Catalysts derived from the alkaline earth metal derivatives are suitable for the process according to the invention (i.e. derivatives of calcium, strontium, barium) of organic mono- and polyoxy compounds can be obtained by reaction with carbon dioxide and water. The organic part of the catalyst molecule should expediently be free of active hydrogen. Preferably it consists made up only of carbon, hydrogen and oxygen, with the oxygen only being the oxygen of the hydroxyl group or groups and is present as ether oxygen.

The preferred alkaline earth metal derivatives of organic mono- and dioxy compounds are those in which the organic part does not contain any groups capable of reacting with the ethylene oxide, and in particular is free of active hydrogen.

ίο In the case of monooxy compounds, the term "Derivative" refer only to the alkaline earth metal salt of the oxy compounds; H. on such salts as strontium methylate.

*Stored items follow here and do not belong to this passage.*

(* Let $k$ be a perfect field of characteristic $p>0$, $P$ a finite poset, $R=\mathcal{R}_k[J(P)]$ the Hibi ring and $\mathfrak{m}=R_+$. Then \[ \operatorname{fpt}(\mathfrak{m})\le\min\{\operatorname{len}C\mid C\text{ a maximal chain in }\overline{P}\}=\min\{\operatorname{len}C\mid C\text{ a maximal chain in }P\}+2 . \]
   Context: $J(P)$ is the set of poset ideals of $P=\{p_1,\dots,p_N\}$ (down-closed subsets, including $\emptyset$ and $P$). The Hibi ring is $\mathcal{R}_k[J(P)]=k[\,T\prod_{p_i\in I}X_i\mid I\in J(P)\,]\subseteq k[T,X_1,\dots,X_N]$, each generator in degree $1$; $\mathfrak{m}=R_+$ is generated by these generators. $\overline{P}=P\cup\{-\infty,\infty\}$ with $-\infty<x<\infty$ for all $x\in P$. The length of a chain $C$ is $\#C-1$. For a real $t\ge0$, the pair $(R,\mathfrak{m}^t)$ is $F$-pure if for all large $q=p^e$ there is $d\in\mathfrak{m}^{\lceil t(q-1)\rceil}$ such that the $R$-linear map $R\to R^{1/q}$, $1\mapsto d^{1/q}$, splits; $\operatorname{fpt}(\mathfrak{m})=\sup\{t\ge0\mid(R,\mathfrak{m}^t)\text{ is }F\text{-pure}\}$. *)

theory Defs
  imports "HOL-Analysis.Analysis" "HOL-Library.Poly_Mapping"
begin

inductive_set gen_alg :: "'r::comm_ring_1 set \<Rightarrow> 'r set \<Rightarrow> 'r set" for B G where
  base: "b \<in> B \<Longrightarrow> b \<in> gen_alg B G"
| gen: "g \<in> G \<Longrightarrow> g \<in> gen_alg B G"
| zero: "0 \<in> gen_alg B G"
| one: "1 \<in> gen_alg B G"
| uminus: "x \<in> gen_alg B G \<Longrightarrow> - x \<in> gen_alg B G"
| add: "x \<in> gen_alg B G \<Longrightarrow> y \<in> gen_alg B G \<Longrightarrow> x + y \<in> gen_alg B G"
| mult: "x \<in> gen_alg B G \<Longrightarrow> y \<in> gen_alg B G \<Longrightarrow> x * y \<in> gen_alg B G"

inductive_set ideal_gen :: "'r::comm_ring_1 set \<Rightarrow> 'r set \<Rightarrow> 'r set" for S G where
  zero: "0 \<in> ideal_gen S G"
| lin: "r \<in> S \<Longrightarrow> g \<in> G \<Longrightarrow> r * g \<in> ideal_gen S G"
| add: "x \<in> ideal_gen S G \<Longrightarrow> y \<in> ideal_gen S G \<Longrightarrow> x + y \<in> ideal_gen S G"

fun prods :: "'r::comm_ring_1 set \<Rightarrow> nat \<Rightarrow> 'r set" where
  "prods I 0 = {1}"
| "prods I (Suc n) = {a * b | a b. a \<in> I \<and> b \<in> prods I n}"

definition ideal_pow :: "'r::comm_ring_1 set \<Rightarrow> 'r set \<Rightarrow> nat \<Rightarrow> 'r set" where
  "ideal_pow S I n = ideal_gen S (prods I n)"

text \<open>The S-linear map S \<rightarrow> S^{1/q}, 1 \<mapsto> d^{1/q} splits.  S^{1/q} is identified with
  the Frobenius pushforward F^e_* S (S as an S-module via r\<cdot>s = r^q s, s \<leftrightarrow> s^{1/q});
  a splitting is an S-linear \<phi> : F^e_* S \<rightarrow> S with \<phi>(d) = 1.\<close>
definition frob_splits :: "'r::comm_ring_1 set \<Rightarrow> nat \<Rightarrow> 'r \<Rightarrow> bool" where
  "frob_splits S q d \<longleftrightarrow> d \<in> S \<and> (\<exists>\<phi>. (\<forall>x\<in>S. \<phi> x \<in> S)
      \<and> (\<forall>x\<in>S. \<forall>y\<in>S. \<phi> (x + y) = \<phi> x + \<phi> y)
      \<and> (\<forall>r\<in>S. \<forall>s\<in>S. \<phi> (r ^ q * s) = r * \<phi> s)
      \<and> \<phi> d = 1)"

definition F_pure :: "'r::comm_ring_1 set \<Rightarrow> 'r set \<Rightarrow> nat \<Rightarrow> real \<Rightarrow> bool" where
  "F_pure S I p t \<longleftrightarrow> (\<exists>e0. \<forall>e\<ge>e0. \<exists>d \<in> ideal_pow S I (nat \<lceil>t * (real (p ^ e) - 1)\<rceil>).
      frob_splits S (p ^ e) d)"

definition fpt :: "'r::comm_ring_1 set \<Rightarrow> 'r set \<Rightarrow> nat \<Rightarrow> ereal" where
  "fpt S I p = Sup {ereal t | t. t \<ge> 0 \<and> F_pure S I p t}"

definition is_poset :: "'a set \<Rightarrow> ('a \<Rightarrow> 'a \<Rightarrow> bool) \<Rightarrow> bool" where
  "is_poset P le \<longleftrightarrow> (\<forall>x\<in>P. le x x) \<and> (\<forall>x\<in>P. \<forall>y\<in>P. le x y \<and> le y x \<longrightarrow> x = y)
     \<and> (\<forall>x\<in>P. \<forall>y\<in>P. \<forall>z\<in>P. le x y \<and> le y z \<longrightarrow> le x z)"

definition poset_ideals :: "'a set \<Rightarrow> ('a \<Rightarrow> 'a \<Rightarrow> bool) \<Rightarrow> 'a set set" where
  "poset_ideals P le = {I. I \<subseteq> P \<and> (\<forall>x\<in>I. \<forall>y\<in>P. le y x \<longrightarrow> y \<in> I)}"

In the case of polyoxy compounds, the term "derivative" also compounds that may contain some oxy groups that do not react with the alkaline earth metal have to include.

Substituents that may be present in the organic part of the derivative and those with alkylene oxides do not react to a noticeable extent under the reaction conditions, are ether and thioether groups, Halogen bonded to aromatic carbon atoms, sulfone and aromatic bonded Nitro groups. Among the substituents that may be present and those, although they are with the alkylene oxides react to a certain extent under the reaction conditions, the reactions or that However, it does not materially affect earth products, include primary, secondary and tertiary amino and amino acids Oxy groups. Other aliphatically bound halogens than fluorine are to be avoided.

The alkaline earth derivatives of organic mono- and polyoxy compounds cannot be claimed here Processes are made from compounds in which the oxy groups are primary, secondary or are tertiary bound, such as. B. in a primary, secondary or tertiary alcohol; continue from Compounds in which the oxy group is on an aromatic ring (oxy groups such as pheno-

ic hydroxyl); and from mono- or polyoxy compounds with aliphatic and / or aromatic oxy groups that are both aliphatic and aromatic Groups included. Also need oxy groups present in the organic compound not to stand exclusively on aromatic or aliphatic radicals; it can be in the organic polyoxy compounds from which the alkaline earth metal derivatives are formed, both aromatic as well as aliphatic hydroxyl groups.

The preferred alkaline earth metal derivatives can, according to a method not claimed here, for example from Methanol, ethanol, n-propyl alcohol, butyl alcohol, η-amyl alcohol, isoamyl alcohol, n-hexyl alcohol, Lauryl alcohol, 2-ethylhexanol and ethylene glycol monoethyl ether; Cyclohexanol, isopropyl alcohol and sec-butyl alcohol as well as the higher sec-alkanols, t-butyl alcohol, t-amyl alcohol and other t-alkanols, Ethylene glycol, propylene glycol, 1,4-butylene glycol, 2,3-butylene glycol, 2-ethylhexanediol, decamethylene glycol and ß-thiodiglycol, phenol, 0- and p-oxydiphenyl, the xylenols, benzyl alcohol, m-, o- and p-cresol, benzyl alcohol, resorcinol, pyrocatechol, naphthols, dioxynaphthalenes, o-tolylcarbinol and halophenols, such as. B. 0-, p- and m-chlorophenol, glycerin, / J-methylglycerin, dextrose and pentaerythritol and from amino groups-containing oxy compounds, such as ethanolamine, amino

phenol, p-benzylaminophenol and p-acetylaminophenol, getting produced.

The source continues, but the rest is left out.